Equanimity refers to a state of being calm and balanced, especially in the midst of difficulty.
In Buddhism, equanimity (in Pali, upekkha; in Sanskrit, upeksha) is one of the Four Immeasurables or four great virtues that the Buddha taught his disciples to cultivate.
But is being calm and balanced all there is to equanimity?
And how does one develop equanimity?
Laughing Raven of Pixabay. Used With Permission.
Thich Nhat Hanh says (in The Heart of the Buddha’s Teaching, p. 161) that the Sanskrit word upekshameans “equanimity, nonattachment, nondiscrimination, even-mindedness, or letting go. Upa means ‘over,’ and iksh means ‘to look.’ You climb the mountain to be able to look over the whole situation, not bound by one side or the other.”
Standing in the Middle
Another Pali word that is translated into English as “equanimity” is tatramajjhattata, which means “to stand in the middle.” Gil Fronsdal says this “standing in the middle” refers to a balance that comes from inner stability; remaining centered when surrounded by turmoil.
We are constantly being pulled in one direction or another by things or conditions we either want or hope to avoid.

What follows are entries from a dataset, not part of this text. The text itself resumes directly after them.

lemma prod_qfact_dvd_qfact_sum:
  "finite A \<Longrightarrow> (\<Prod>i\<in>A. qfact (f i)) dvd qfact (\<Sum>i\<in>A. f i)"
proof (induction A rule: finite_induct)
  case (insert x A)
  then have "(\<Prod>i\<in>insert x A. qfact (f i)) dvd qfact (f x) * qfact (sum f A)"
    by (simp add: mult_dvd_mono)
  also have "\<dots> dvd qfact (f x + sum f A)"
    using qfact_mult_qfact_dvd[of "f x" "f x + sum f A"] by simp
  finally show ?case
    using insert by simp
qed simp

lemma qmultinom_mult:
  "m = (\<Sum>i=1..n. mu i) \<Longrightarrow> qmultinom m n mu * (\<Prod>i=1..n. qfact (mu i)) = qfact m"
  unfolding qmultinom_def by (simp add: dvd_div_mult_self prod_qfact_dvd_qfact_sum)

lemma primitive_root_power_mod:
  assumes "primitive_root d z"
  shows "z ^ m = z ^ (m mod d)"
proof -
  have "z ^ m = z ^ (d * (m div d) + m mod d)"
    by simp
  also have "\<dots> = (z ^ d) ^ (m div d) * z ^ (m mod d)"
    by (simp only: power_add power_mult)
  finally have "z ^ m = (z ^ d) ^ (m div d) * z ^ (m mod d)" .
  with assms show ?thesis
    unfolding primitive_root_def by simp
qed

lemma primitive_root_ne_1:
  assumes "primitive_root d z" "2 \<le> d"
  shows "z \<noteq> 1"
proof -
  from assms(2) have "0 < (1::nat) \<and> 1 < d"
    by simp
  with assms(1) have "z ^ 1 \<noteq> 1"
    unfolding primitive_root_def by blast
  then show ?thesis
    by simp
qed

lemma primitive_root_1_iff: "primitive_root 1 z \<longleftrightarrow> z = 1"
  by (auto simp: primitive_root_def)

lemma poly_qint_mod:
  assumes "primitive_root d z" "2 \<le> d"
  shows "poly (qint m) z = poly (qint (m mod d)) z"
proof -
  have "(1 - z) * poly (qint m) z = (1 - z) * poly (qint (m mod d)) z"
    unfolding one_minus_mult_poly_qint using primitive_root_power_mod[OF assms(1)] by simp
  then show ?thesis
    using primitive_root_ne_1[OF assms] by simp
qed

lemma poly_qint_self:
  "primitive_root d z \<Longrightarrow> 2 \<le> d \<Longrightarrow> poly (qint d) z = 0"
  using poly_qint_mod[of d z d] by simp

lemma poly_qfact_nonzero:
  assumes "primitive_root d z" "r < d"
  shows "poly (qfact r) z \<noteq> 0"
  using \<open>r < d\<close>
proof (induction r)
  case (Suc r)
  have "z ^ Suc r \<noteq> 1"
    using assms(1) Suc.prems unfolding primitive_root_def by blast
  then have "poly (qint (Suc r)) z \<noteq> 0"
    using one_minus_mult_poly_qint[of z "Suc r"] by auto
  with Suc show ?case
    by (simp add: qfact_Suc)
qed simp

lemma qint_power_dvd_qfact: "qint d ^ (m div d) dvd qfact m"
proof (induction m)
  case (Suc m)
  show ?case
  proof (cases "Suc m mod d = 0")
    case True
    then have "Suc m = d * Suc (m div d)"
      by (metis div_Suc div_mult_mod_eq add_0_right mult.commute)
    then have "qint (Suc m) = qint d * (\<Sum>j<Suc (m div d). monom 1 (d * j))"
      by (simp only: qint_mult)
    with Suc.IH True show ?thesis
      by (simp add: div_Suc qfact_Suc mult_dvd_mono)
  next
    case False
    with Suc.IH show ?thesis
      by (simp add: div_Suc qfact_Suc)
  qed
qed simp

definition qfact_cofactor :: "nat \<Rightarrow> nat \<Rightarrow> complex poly" where
  "qfact_cofactor d m = qfact m div qint d ^ (m div d)"

lemma qfact_eq_qint_power_mult_cofactor: "qfact m = qint d ^ (m div d) * qfact_cofactor d m"
  unfolding qfact_cofactor_def by (simp add: qint_power_dvd_qfact)

lemma qfact_cofactor_Suc:
  assumes "d > 0"
  shows "qfact_cofactor d (Suc m) = qfact_cofactor d m *
    (if Suc m mod d = 0 then (\<Sum>j<Suc m div d. monom 1 (d * j)) else qint (Suc m))"
    (is "_ = _ * ?factor")
proof -
  have "qfact (Suc m) = qint d ^ (Suc m div d) * (qfact_cofactor d m * ?factor)"
  proof (cases "Suc m mod d = 0")
    case True
    then have "Suc m = d * (Suc m div d)"
      by (metis div_mult_mod_eq add_0_right mult.commute)
    then have "qint (Suc m) = qint d * ?factor"
      using True by (metis qint_mult)
    with True show ?thesis
      unfolding qfact_Suc qfact_eq_qint_power_mult_cofactor[of m d] by (simp add: div_Suc mult_ac)
  next
    case False
    then show ?thesis
      unfolding qfact_Suc qfact_eq_qint_power_mult_cofactor[of m d] by (simp add: div_Suc mult_ac)
  qed
  with assms show ?thesis
    unfolding qfact_cofactor_def by simp
qed

definition qfact_reduced :: "nat \<Rightarrow> complex \<Rightarrow> nat \<Rightarrow> complex" where
  "qfact_reduced d z m =
     fact (m div d) * poly (qfact (d - 1)) z ^ (m div d) * poly (qfact (m mod d)) z"
lemma recurrent_extension_word:
  fixes Inv :: "'a list \<Rightarrow> bool" and Ps :: "('a list \<Rightarrow> bool) set"
  assumes "Inv z0"
    and extend: "\<And>u. Inv u \<Longrightarrow>
      \<exists>s. s \<noteq> [] \<and> Inv (u @ s) \<and> (\<forall>P\<in>Ps. \<exists>k\<le>length s. P (u @ take k s))"
  shows "\<exists>w. (\<exists>\<^sub>\<infinity>n. Inv (prefix n w)) \<and> (\<forall>P\<in>Ps. \<exists>\<^sub>\<infinity>n. P (prefix n w))"
proof -
  obtain ext where ext: "\<And>u. Inv u \<Longrightarrow> ext u \<noteq> [] \<and> Inv (u @ ext u) \<and>
      (\<forall>P\<in>Ps. \<exists>k\<le>length (ext u). P (u @ take k (ext u)))"
    using extend by metis
  define z where "z n = ((\<lambda>u. u @ ext u) ^^ n) z0" for n
  have z_Suc: "z (Suc n) = z n @ ext (z n)" for n
    unfolding z_def by simp
  have Inv_z: "Inv (z n)" for n
    by (induction n) (use \<open>Inv z0\<close> ext in \<open>simp_all add: z_def\<close>)
  have len: "n \<le> length (z n)" for n
  proof (induction n)
    case (Suc n)
    have "0 < length (ext (z n))" using ext[OF Inv_z[of n]] by blast
    with Suc.IH show ?case unfolding z_Suc length_append by linarith
  qed simp
  obtain w where w: "\<And>n. prefix (length (z n)) w = z n"
    using prefix_chain_limit[of z] z_Suc len by blast
  have prefix_z: "prefix l w = take l (z n)" if "l \<le> length (z n)" for l n
  proof -
    have "take l (z n) = take l (prefix (length (z n)) w)" by (simp only: w)
    with that show ?thesis by simp
  qed
  have "\<exists>\<^sub>\<infinity>n. Inv (prefix n w)"
    unfolding INFM_nat_le
  proof
    fix m
    have "Inv (prefix (length (z m)) w)"
      using Inv_z[of m] by (simp only: w)
    with len[of m] show "\<exists>n\<ge>m. Inv (prefix n w)" by blast
  qed
  moreover have "\<exists>\<^sub>\<infinity>n. P (prefix n w)" if P: "P \<in> Ps" for P
    unfolding INFM_nat_le
  proof
    fix m
    obtain k where k: "k \<le> length (ext (z m))" "P (z m @ take k (ext (z m)))"
      using ext[OF Inv_z[of m]] P by blast
    then have "prefix (length (z m) + k) w = z m @ take k (ext (z m))"
      using prefix_z[of "length (z m) + k" "Suc m"] by (simp add: z_Suc)
    with k len[of m] show "\<exists>n\<ge>m. P (prefix n w)"
      by (metis le_add1 order_trans)
  qed
  ultimately show ?thesis by blast
qed

lemma coBuchi_strategy_langI:
  assumes g: "gfg_strategy \<Sigma> Q0 \<delta> (coBuchi \<alpha>) g" and w: "inf_word \<Sigma> w"
    and safe: "\<forall>\<^sub>\<infinity>n. g (prefix n w) \<notin> \<alpha>"
  shows "w \<in> lang \<Sigma> Q0 \<delta> (coBuchi \<alpha>)"
proof (rule gfg_strategy_langI[OF g w])
  have "q \<notin> \<alpha>" if "\<exists>\<^sub>\<infinity>n. g (prefix n w) = q" for q
    using INFM_EX[OF INFM_conjI[OF that safe]] by blast
  then show "coBuchi \<alpha> (inf_set (\<lambda>n. g (prefix n w)))"
    unfolding coBuchi_def inf_set_def by blast
qed

lemma mfold_prefix_suffix:
  "mfold \<rho> (prefix n (suffix i w)) (mfold \<rho> (prefix i w) m) = mfold \<rho> (prefix (i + n) w) m"
  by (simp add: prefix_suffix_eq_subsequence subsequence_append)

lemma inf_word_if_frequently_prefix_in_lists:
  assumes "\<exists>\<^sub>\<infinity>n. prefix n w \<in> lists \<Sigma>"
  shows "inf_word \<Sigma> w"
  unfolding inf_word_def
proof
  fix i
  obtain n where n: "Suc i \<le> n" "prefix n w \<in> lists \<Sigma>"
    using assms unfolding INFM_nat_le by blast
  then have "w i \<in> set (prefix n w)" by simp
  with n(2) show "w i \<in> \<Sigma>" by (meson in_listsD)
qed

(* Appending to y a continuation x along which the strategy of A stays out of alpha gives a
   word of L(A) = L(B), so the strategy of B visits beta somewhere after y. *)
lemma gfg_Buchi_visits_on_safe_continuation:
  fixes \<rho> :: "'m \<Rightarrow> 'a \<Rightarrow> 'm" and \<tau> :: "'m \<Rightarrow> 'q" and gB :: "'a list \<Rightarrow> 'p"
  assumes gA: "gfg_strategy \<Sigma> Q0 \<delta> (coBuchi \<alpha>) (\<lambda>y. \<tau> (mfold \<rho> y m0))"
    and gB: "gfg_strategy \<Sigma> P0 \<delta>B (Buchi \<beta>) gB" and "finite \<beta>"
    and L: "lang \<Sigma> P0 \<delta>B (Buchi \<beta>) = lang \<Sigma> Q0 \<delta> (coBuchi \<alpha>)"
    and y: "y \<in> lists \<Sigma>"
    and x: "inf_word \<Sigma> x" "\<And>n. \<tau> (mfold \<rho> (prefix n x) (mfold \<rho> y m0)) \<notin> \<alpha>"
  obtains k where "gB (y @ prefix k x) \<in> \<beta>"
proof -
  have "\<forall>\<^sub>\<infinity>n. \<tau> (mfold \<rho> (prefix n (y \<frown> x)) m0) \<notin> \<alpha>"
    unfolding MOST_nat_le
  proof (intro exI allI impI)
    fix n assume "length y \<le> n"
    then show "\<tau> (mfold \<rho> (prefix n (y \<frown> x)) m0) \<notin> \<alpha>"
      using x(2)[of "n - length y"] by simp
  qed
  then have "y \<frown> x \<in> lang \<Sigma> Q0 \<delta> (coBuchi \<alpha>)"
    using coBuchi_strategy_langI[OF gA] inf_word_conc[OF y x(1)] by blast
  then have "\<exists>\<^sub>\<infinity>n. gB (prefix n (y \<frown> x)) \<in> \<beta>"
    using gfg_strategy_accepting[OF gB] L Buchi_inf_set_iff[OF \<open>finite \<beta>\<close>] by simp
  then obtain n where n: "length y \<le> n" "gB (prefix n (y \<frown> x)) \<in> \<beta>"
    unfolding INFM_nat_le by blast
  then have "gB (y @ prefix (n - length y) x) \<in> \<beta>" by simp
  then show thesis by (rule that)
qed

lemma no_alpha_cycle_at_safely_recurrent_memory:
  fixes \<rho> :: "'m \<Rightarrow> 'a \<Rightarrow> 'm" and \<tau> :: "'m \<Rightarrow> 'q" and gB :: "'a list \<Rightarrow> 'p"
  assumes gA: "gfg_strategy \<Sigma> Q0 \<delta> (coBuchi \<alpha>) (\<lambda>y. \<tau> (mfold \<rho> y m0))" and "finite \<alpha>"
    and gB: "gfg_strategy \<Sigma> P0 \<delta>B (Buchi \<beta>) gB" and "finite \<beta>"
    and L: "lang \<Sigma> P0 \<delta>B (Buchi \<beta>) = lang \<Sigma> Q0 \<delta> (coBuchi \<alpha>)"
    and y0: "y0 \<in> lists \<Sigma>" "mfold \<rho> y0 m0 = m"
    and x: "inf_word \<Sigma> x" "\<And>n. \<tau> (mfold \<rho> (prefix n x) m) \<notin> \<alpha>"
      "\<exists>\<^sub>\<infinity>n. mfold \<rho> (prefix n x) m = m"
    and cycle: "u \<in> lists \<Sigma>" "v \<in> lists \<Sigma>" "\<tau> (mfold \<rho> u m) \<in> \<alpha>" "mfold \<rho> (u @ v) m = m"
  shows False
proof -
  define Inv where "Inv y \<longleftrightarrow> y \<in> lists \<Sigma> \<and> mfold \<rho> y m0 = m" for y
  define hits_\<beta> where "hits_\<beta> y \<longleftrightarrow> gB y \<in> \<beta>" for y
  define hits_\<alpha> where "hits_\<alpha> y \<longleftrightarrow> \<tau> (mfold \<rho> y m0) \<in> \<alpha>" for y
  \<comment> \<open>follow x until beta is visited and then until m recurs; close with the alpha-cycle u v\<close>
  have extend: "\<exists>s. s \<noteq> [] \<and> Inv (y @ s) \<and> (\<forall>P\<in>{hits_\<beta>, hits_\<alpha>}. \<exists>k\<le>length s. P (y @ take k s))"
    if y: "Inv y" for y
  proof -
    obtain k where k: "hits_\<beta> (y @ prefix k x)"
      using gfg_Buchi_visits_on_safe_continuation[OF gA gB \<open>finite \<beta>\<close> L _ x(1)] x(2) y
      unfolding Inv_def hits_\<beta>_def by metis
    obtain J where J: "k < J" "mfold \<rho> (prefix J x) m = m"
      using x(3) unfolding INFM_nat by blast
    define s where "s = prefix J x @ u @ v"
    have "Inv (y @ s)"
      using y J(2) cycle x(1) prefix_in_lists unfolding Inv_def s_def by auto
    moreover have "hits_\<beta> (y @ take k s)"
      using k J(1) unfolding s_def by simp
    moreover have "hits_\<alpha> (y @ take (J + length u) s)"
      using y J(2) cycle(3) unfolding s_def Inv_def hits_\<alpha>_def by simp
    moreover have "s \<noteq> []" "J + length u \<le> length s" "k \<le> length s"
      using J(1) unfolding s_def by auto
    ultimately show ?thesis
      by (intro exI[of _ s]) (simp only: ball_simps; blast)
  qed
  have "Inv y0" using y0 unfolding Inv_def by simp
  obtain ws where ws_Inv: "\<exists>\<^sub>\<infinity>n. Inv (prefix n ws)"
    and ws_hits: "\<forall>P\<in>{hits_\<beta>, hits_\<alpha>}. \<exists>\<^sub>\<infinity>n. P (prefix n ws)"
    using recurrent_extension_word[OF \<open>Inv y0\<close> extend] by blast
  have "\<exists>\<^sub>\<infinity>n. prefix n ws \<in> lists \<Sigma>"
    using ws_Inv unfolding Inv_def by (rule INFM_mono) simp
  then have "inf_word \<Sigma> ws" by (rule inf_word_if_frequently_prefix_in_lists)
  have often_\<beta>: "\<exists>\<^sub>\<infinity>n. gB (prefix n ws) \<in> \<beta>"
    and often_\<alpha>: "\<exists>\<^sub>\<infinity>n. \<tau> (mfold \<rho> (prefix n ws) m0) \<in> \<alpha>"
    using ws_hits unfolding hits_\<beta>_def hits_\<alpha>_def by simp_all
  with \<open>inf_word \<Sigma> ws\<close> have "ws \<in> lang \<Sigma> P0 \<delta>B (Buchi \<beta>)"
    using gfg_strategy_langI[OF gB] Buchi_inf_set_iff[OF \<open>finite \<beta>\<close>] by blast
  then have "\<forall>\<^sub>\<infinity>n. \<tau> (mfold \<rho> (prefix n ws) m0) \<notin> \<alpha>"
    using gfg_strategy_accepting[OF gA] L coBuchi_inf_set_iff[OF \<open>finite \<alpha>\<close>] by simp
  then show False
    using INFM_EX[OF INFM_conjI[OF often_\<alpha>]] by blast
qed

context tight_transducer
begin
lemma range_hnf_residue:
  assumes "\<alpha> > 0" "\<gamma> > 0"
  shows "range (hnf_residue \<alpha> \<beta> \<gamma>) = {0..<\<alpha>} \<times> {0..<\<gamma>}"
proof
  show "range (hnf_residue \<alpha> \<beta> \<gamma>) \<subseteq> {0..<\<alpha>} \<times> {0..<\<gamma>}"
    using assms by (auto simp: hnf_residue_def split: prod.splits)
  show "{0..<\<alpha>} \<times> {0..<\<gamma>} \<subseteq> range (hnf_residue \<alpha> \<beta> \<gamma>)"
  proof safe
    fix i j assume "i \<in> {0..<\<alpha>}" "j \<in> {0..<\<gamma>}"
    then have "hnf_residue \<alpha> \<beta> \<gamma> (0, i, j) = (i, j)" by (simp add: hnf_residue_def)
    then show "(i, j) \<in> range (hnf_residue \<alpha> \<beta> \<gamma>)" by (metis rangeI)
  qed
qed

lemma rindex_hnf_lattice:
  assumes "\<alpha> > 0" "\<gamma> > 0"
  shows "rindex (hnf_lattice \<alpha> \<beta> \<gamma>) = nat \<alpha> * nat \<gamma>"
    and "finite (UNIV // coset_rel (hnf_lattice \<alpha> \<beta> \<gamma>))"
proof -
  have bij: "bij_betw (\<lambda>k. hnf_residue \<alpha> \<beta> \<gamma> -` {k}) ({0..<\<alpha>} \<times> {0..<\<gamma>})
      (UNIV // coset_rel (hnf_lattice \<alpha> \<beta> \<gamma>))"
    using bij_betw_fibres_quotient[of "hnf_residue \<alpha> \<beta> \<gamma>"]
    unfolding coset_rel_hnf_lattice[OF assms(1)] range_hnf_residue[OF assms] .
  show "rindex (hnf_lattice \<alpha> \<beta> \<gamma>) = nat \<alpha> * nat \<gamma>"
    unfolding rindex_def bij_betw_same_card[OF bij, symmetric] by (simp add: card_cartesian_product)
  show "finite (UNIV // coset_rel (hnf_lattice \<alpha> \<beta> \<gamma>))"
    using bij_betw_finite[OF bij] by simp
qed

lemma additive_subgroup_hnf_lattice: "additive_subgroup (hnf_lattice \<alpha> \<beta> \<gamma>)"
proof -
  have "radd x y \<in> hnf_lattice \<alpha> \<beta> \<gamma>"
    if x: "x \<in> hnf_lattice \<alpha> \<beta> \<gamma>" and y: "y \<in> hnf_lattice \<alpha> \<beta> \<gamma>" for x y
  proof -
    obtain a m n where "x = (a, m * \<alpha>, m * \<beta> + n * \<gamma>)"
      using x by (rule hnf_lattice_memE)
    moreover obtain a' m' n' where "y = (a', m' * \<alpha>, m' * \<beta> + n' * \<gamma>)"
      using y by (rule hnf_lattice_memE)
    ultimately have "radd x y = (a + a', (m + m') * \<alpha>, (m + m') * \<beta> + (n + n') * \<gamma>)"
      unfolding radd_def by (simp add: algebra_simps)
    then show ?thesis by (simp only: hnf_lattice_memI)
  qed
  moreover have "rneg x \<in> hnf_lattice \<alpha> \<beta> \<gamma>" if x: "x \<in> hnf_lattice \<alpha> \<beta> \<gamma>" for x
  proof -
    obtain a m n where "x = (a, m * \<alpha>, m * \<beta> + n * \<gamma>)"
      using x by (rule hnf_lattice_memE)
    then have "rneg x = (- a, (- m) * \<alpha>, (- m) * \<beta> + (- n) * \<gamma>)"
      unfolding rneg_def by simp
    then show ?thesis by (simp only: hnf_lattice_memI)
  qed
  moreover have "rzero \<in> hnf_lattice \<alpha> \<beta> \<gamma>"
    using hnf_lattice_memI[of 0 0 \<alpha> \<beta> 0 \<gamma>] by (simp add: rzero_def)
  ultimately show ?thesis unfolding additive_subgroup_def by blast
qed

text \<open>The generator \<open>\<alpha> t + \<beta> t\<^sup>2\<close> squares to \<open>\<alpha>\<^sup>2 t\<^sup>2\<close>, so closure under multiplication
  amounts to \<open>\<gamma> dvd \<alpha>\<^sup>2\<close>.\<close>
lemma rmul_mem_hnf_lattice:
  assumes "\<gamma> dvd \<alpha>\<^sup>2" "x \<in> hnf_lattice \<alpha> \<beta> \<gamma>" "y \<in> hnf_lattice \<alpha> \<beta> \<gamma>"
  shows "rmul x y \<in> hnf_lattice \<alpha> \<beta> \<gamma>"
proof -
  obtain k where k: "\<alpha>\<^sup>2 = k * \<gamma>" using assms(1) by (metis dvd_def mult.commute)
  obtain a m n where x: "x = (a, m * \<alpha>, m * \<beta> + n * \<gamma>)"
    using assms(2) by (rule hnf_lattice_memE)
  obtain a' m' n' where y: "y = (a', m' * \<alpha>, m' * \<beta> + n' * \<gamma>)"
    using assms(3) by (rule hnf_lattice_memE)
  have "a * (m' * \<beta> + n' * \<gamma>) + m * \<alpha> * (m' * \<alpha>) + (m * \<beta> + n * \<gamma>) * a' =
      (a * m' + m * a') * \<beta> + (a * n' + m * m' * k + n * a') * \<gamma>"
    using k by algebra
  moreover have "a * (m' * \<alpha>) + m * \<alpha> * a' = (a * m' + m * a') * \<alpha>" by algebra
  ultimately have "rmul x y = (a * a', (a * m' + m * a') * \<alpha>,
      (a * m' + m * a') * \<beta> + (a * n' + m * m' * k + n * a') * \<gamma>)"
    unfolding x y rmul_def prod.case by simp
  then show ?thesis by (simp only: hnf_lattice_memI)
qed

lemma is_subring_hnf_lattice_iff:
  assumes "\<alpha> > 0" "\<gamma> > 0"
  shows "is_subring (hnf_lattice \<alpha> \<beta> \<gamma>) \<longleftrightarrow> \<gamma> dvd \<alpha>\<^sup>2"
proof
  assume "is_subring (hnf_lattice \<alpha> \<beta> \<gamma>)"
  with hnf_lattice_generators(2) have "rmul (0, \<alpha>, \<beta>) (0, \<alpha>, \<beta>) \<in> hnf_lattice \<alpha> \<beta> \<gamma>"
    unfolding is_subring_def by blast
  then have "(0, 0, \<alpha>\<^sup>2) \<in> hnf_lattice \<alpha> \<beta> \<gamma>" by (simp add: rmul_def power2_eq_square)
  then obtain m n where "0 = m * \<alpha>" "\<alpha>\<^sup>2 = m * \<beta> + n * \<gamma>"
    unfolding hnf_lattice_def by blast
  with assms show "\<gamma> dvd \<alpha>\<^sup>2" by simp
next
  assume "\<gamma> dvd \<alpha>\<^sup>2"
  then show "is_subring (hnf_lattice \<alpha> \<beta> \<gamma>)"
    unfolding is_subring_def using additive_subgroup_hnf_lattice rmul_mem_hnf_lattice
      rindex_hnf_lattice(2)[OF assms] hnf_lattice_generators(1) by (simp add: rone_def)
qed
lemma det_3:
  assumes A: "A \<in> carrier_mat 3 3"
  shows "det A = det3_formula (A $$ (0,0)) (A $$ (0,1)) (A $$ (0,2))
    (A $$ (1,0)) (A $$ (1,1)) (A $$ (1,2)) (A $$ (2,0)) (A $$ (2,1)) (A $$ (2,2))"
proof -
  have minors: "\<And>j. mat_delete A 0 j \<in> carrier_mat 2 2"
    using mat_delete_carrier[OF A] by simp
  show ?thesis
    apply (subst laplace_expansion_row[OF A, of 0], simp)
    apply (simp add: cofactor_def det_2[OF minors])
    using A apply (simp add: eval_nat_numeral mat_delete_def insert_index_def det3_formula_def)
    apply (simp add: algebra_simps)
    done
qed

lemma det_4:
  assumes A: "A \<in> carrier_mat 4 4"
  shows "det A =
      A $$ (0,0) * det3_formula (A $$ (1,1)) (A $$ (1,2)) (A $$ (1,3)) (A $$ (2,1)) (A $$ (2,2)) (A $$ (2,3)) (A $$ (3,1)) (A $$ (3,2)) (A $$ (3,3))
    - A $$ (0,1) * det3_formula (A $$ (1,0)) (A $$ (1,2)) (A $$ (1,3)) (A $$ (2,0)) (A $$ (2,2)) (A $$ (2,3)) (A $$ (3,0)) (A $$ (3,2)) (A $$ (3,3))
    + A $$ (0,2) * det3_formula (A $$ (1,0)) (A $$ (1,1)) (A $$ (1,3)) (A $$ (2,0)) (A $$ (2,1)) (A $$ (2,3)) (A $$ (3,0)) (A $$ (3,1)) (A $$ (3,3))
    - A $$ (0,3) * det3_formula (A $$ (1,0)) (A $$ (1,1)) (A $$ (1,2)) (A $$ (2,0)) (A $$ (2,1)) (A $$ (2,2)) (A $$ (3,0)) (A $$ (3,1)) (A $$ (3,2))"
proof -
  have minors: "\<And>j. mat_delete A 0 j \<in> carrier_mat 3 3"
    using mat_delete_carrier[OF A] by simp
  show ?thesis
    apply (subst laplace_expansion_row[OF A, of 0], simp)
    apply (simp add: cofactor_def det_3[OF minors])
    using A apply (simp add: eval_nat_numeral mat_delete_def insert_index_def)
    done
qed

definition seifert_family :: "int \<Rightarrow> int \<Rightarrow> int mat" where
  "seifert_family X t = mat 4 4 (\<lambda>(i,j).
     [[0, 0, 1, 1], [1, 0, X + t, t], [-1, -(X + t), 0, 0], [-1, -t, 1, 0]] ! i ! j)"

lemma seifert_family_carrier: "seifert_family X t \<in> carrier_mat 4 4"
  unfolding seifert_family_def by simp

lemma seifert_family_index:
  "i < 4 \<Longrightarrow> j < 4 \<Longrightarrow> seifert_family X t $$ (i,j) =
     [[0, 0, 1, 1], [1, 0, X + t, t], [-1, -(X + t), 0, 0], [-1, -t, 1, 0]] ! i ! j"
  unfolding seifert_family_def by simp

lemma seifert_matrix_seifert_family: "seifert_matrix (seifert_family X t)"
proof -
  have "det (seifert_family X t + transpose_mat (seifert_family X t)) = 1"
    by (subst det_4) (auto simp: seifert_family_def det3_formula_def eval_nat_numeral)
  moreover have "seifert_family X t \<in> carrier_mat (2 * 2) (2 * 2)"
    using seifert_family_carrier by simp
  ultimately show ?thesis
    unfolding seifert_matrix_def by blast
qed
lemma sat_cov_gf_4: "sat_cov_gf 4 = 5 * geom ^ 7 - 5 * geom ^ 6 - 3 * geom ^ 5 - 3 * geom ^ 4 + 4 * geom ^ 3
    + 9 * geom ^ 2 - 8 * geom + 1"
proof -
  have "sat_cov_gf 4 = fps_X * (sat_gf 1 * sat_cov_gf 3 + sat_gf 2 * sat_cov_gf 2 + sat_gf 3 * sat_cov_gf 1
      + sat_gf 4 * sat_cov_gf 0)"
    by (subst sat_cov_gf_rec[of 4]) (simp_all add: numeral_eq_Suc sum.atLeast_Suc_atMost)
  then show ?thesis
    using fps_X_mult_geom
    unfolding sat_gf_1 sat_gf_2 sat_gf_3 sat_gf_4 sat_cov_gf_1 sat_cov_gf_2 sat_cov_gf_3
      sat_cov_gf_no_free by algebra
qed

lemma sat_gf_5: "sat_gf 5 = 14 * geom ^ 9 - 21 * geom ^ 8 + 9 * geom ^ 7 - 11 * geom ^ 6 + 4 * geom ^ 5
    + 6 * geom ^ 4 + 3 * geom ^ 3 - 4 * geom ^ 2"
proof -
  have "sat_gf 5 = sat_cov_gf 4 + sat_cov_gf 3 + fps_X * (sat_gf 1 * sat_gf 4 + sat_gf 2 * sat_gf 3
      + sat_gf 3 * sat_gf 2 + sat_gf 4 * sat_gf 1 + sat_gf 5 * sat_gf 0)"
    by (subst sat_gf_rec[of 5]) (simp_all add: numeral_eq_Suc sum.atLeast_Suc_atMost)
  then show ?thesis
    using fps_X_mult_geom
    unfolding sat_gf_1 sat_gf_2 sat_gf_3 sat_gf_4 sat_cov_gf_4 sat_cov_gf_3 sat_gf_no_free by algebra
qed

These include praise and blame, pleasure and pain, success and failure, gain and loss. The wise person, accepts all without approval or disapproval.¹ – The Buddha
In her book Comfortable with Uncertainty, Tibetan Kagyu teacher Pema Chodron said, “To cultivate equanimity we practice catching ourselves when we feel attraction or aversion, before it hardens into grasping or negativity.”
This, of course, connects to mindfulness. The Buddha taught that there are four frames of reference in mindfulness:
1. Mindfulness of body (kayasati).
2. Mindfulness of feelings or sensations (vedanasati).
3. Mindfulness of mind or mental processes (cittasati).
4. Mindfulness of mental objects or qualities (dhammasati).
Here we have a really good example of working with mindfulness of feelings and mental processes. People who are not-mindful are perpetually being jerked around by their emotions and biases. But with mindfulness, you recognize and acknowledge feelings without letting them control you.
Pema Chodron says that when feelings of attraction or aversion arise, we can “use our biases as stepping-stones for connecting with the confusion of others.” When we become intimate with and accepting of own feelings, we see more clearly how everyone gets hooked by their hopes and fears. From this, “a bigger perspective can emerge.”
Thich Nhat Hanh says that Buddhist equanimity includes the ability to see everyone as equal. “We shed all discrimination and prejudice, and remove all boundaries between ourselves and others,” he writes. “In a conflict, even though we are deeply concerned, we remain impartial, able to love and to understand both sides. [The Heart of the Buddha’s Teaching, p. 162].” I confess, that last one is really difficult for me, but that’s what we are called to do.
¹ The Buddha
(Richard Taylor Suggestion)
Catch yourself feeling a “HIT” or ACTIVATION”.
Talk to yourself called Self-Talk.
Say: ” Remain Calm. Breathe.”
Listen with empathy (Empathetic Listening) trying to hear the other person’s points. Try to understand the underlying feelings that are driving the words spoken. Is it fear, frustration, misdirected pent up stress? What is it?
Remain silent. Try to remain neutral. Try for either being Neutral or Nice. Refrain from Nasty.
These are the 3 N’s. = Nasty/Neutral/Nice.
If flooded with feelings and you feel like yelling or being nasty…say “I am taking a 10/20/30 minute break and will discuss this when we are both calm. Please allow me to take this break without chasing me. How about you calm down too. ”
Discuss things when you are calm.
Choose to cooperate and then compromise or harmonize.